Work instructions: Find the lines in the records below that contain "also", and report each of them.

Input for this task:
lemma measure_unbalanced_le:
  fixes K T l p q :: real
  assumes "0 \<le> p" "p \<le> 1" "0 \<le> q" "q \<le> 1" "0 < l" "0 \<le> K"
  defines "s \<equiv> l * (2 + K - T)" and "t \<equiv> l * (2 + K + T)"
  shows "measure_pmf.prob (binomial_pmf N q \<bind> (\<lambda>c. map_pmf (\<lambda>x. (x, Suc c - x))
            (plus_bernoulli_pmf (binomial_pmf c (1/2)) p))) (- balanced_pairs K T)
         \<le> 2 * exp s * (1 - q + q * ((exp s + exp (- t)) / 2)) ^ N"
proof -
  define m where "m = (exp s + exp (- t)) / 2"
  define X where "X c a = exp s * (exp (s * real a + (- t) * (real c - real a)) +
      exp ((- t) * real a + s * (real c - real a)))" for c a :: nat
  have "measure_pmf.prob (map_pmf (\<lambda>x. (x, Suc c - x)) (plus_bernoulli_pmf (binomial_pmf c (1/2)) p))
      (- balanced_pairs K T) \<le> measure_pmf.expectation (binomial_pmf c (1/2)) (X c)" for c
    unfolding measure_map_pmf
  proof (rule measure_plus_bernoulli_pmf_le[OF assms(1,2)])
    show "integrable (binomial_pmf c (1/2)) (X c)" by simp
    fix a assume "a \<in> set_pmf (binomial_pmf c (1/2))"
    hence "a \<le> c" by simp
    have "0 \<le> X c a" unfolding X_def by simp
    moreover have unbalanced: "1 \<le> X c a"
      if "x \<in> {a, Suc a}" "(x, Suc c - x) \<notin> balanced_pairs K T" for x
      unfolding X_def s_def t_def using unbalanced_le_exp[OF assms(5,6) \<open>a \<le> c\<close> that] .
    moreover have "(Suc a, c - a) \<notin> balanced_pairs K T \<Longrightarrow> 1 \<le> X c a"
      using unbalanced[of "Suc a"] by simp
    ultimately show "indicator ((\<lambda>x. (x, Suc c - x)) -` (- balanced_pairs K T)) a \<le> X c a \<and>
        indicator ((\<lambda>x. (x, Suc c - x)) -` (- balanced_pairs K T)) (Suc a) \<le> X c a"
      by (auto simp: indicator_def)
  qed
  also have "measure_pmf.expectation (binomial_pmf c (1/2)) (X c) = 2 * exp s * m ^ c" for c
    unfolding X_def m_def integral_mult_right_zero expectation_binomial_half_exp_sum by simp
  finally have "measure_pmf.prob (binomial_pmf N q \<bind> (\<lambda>c. map_pmf (\<lambda>x. (x, Suc c - x))
            (plus_bernoulli_pmf (binomial_pmf c (1/2)) p))) (- balanced_pairs K T)
      \<le> measure_pmf.expectation (binomial_pmf N q) (\<lambda>c. 2 * exp s * m ^ c)"
    unfolding measure_bind_pmf using assms(3,4) by (intro integral_mono) auto
  also have "\<dots> = 2 * exp s * (1 - q + q * m) ^ N"
    using assms(3,4) by (simp add: expectation_binomial_pmf_power)
  finally show ?thesis unfolding m_def .
qed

Exercise response:
  also have "measure_pmf.expectation (binomial_pmf c (1/2)) (X c) = 2 * exp s * m ^ c" for c
  also have "\<dots> = 2 * exp s * (1 - q + q * m) ^ N"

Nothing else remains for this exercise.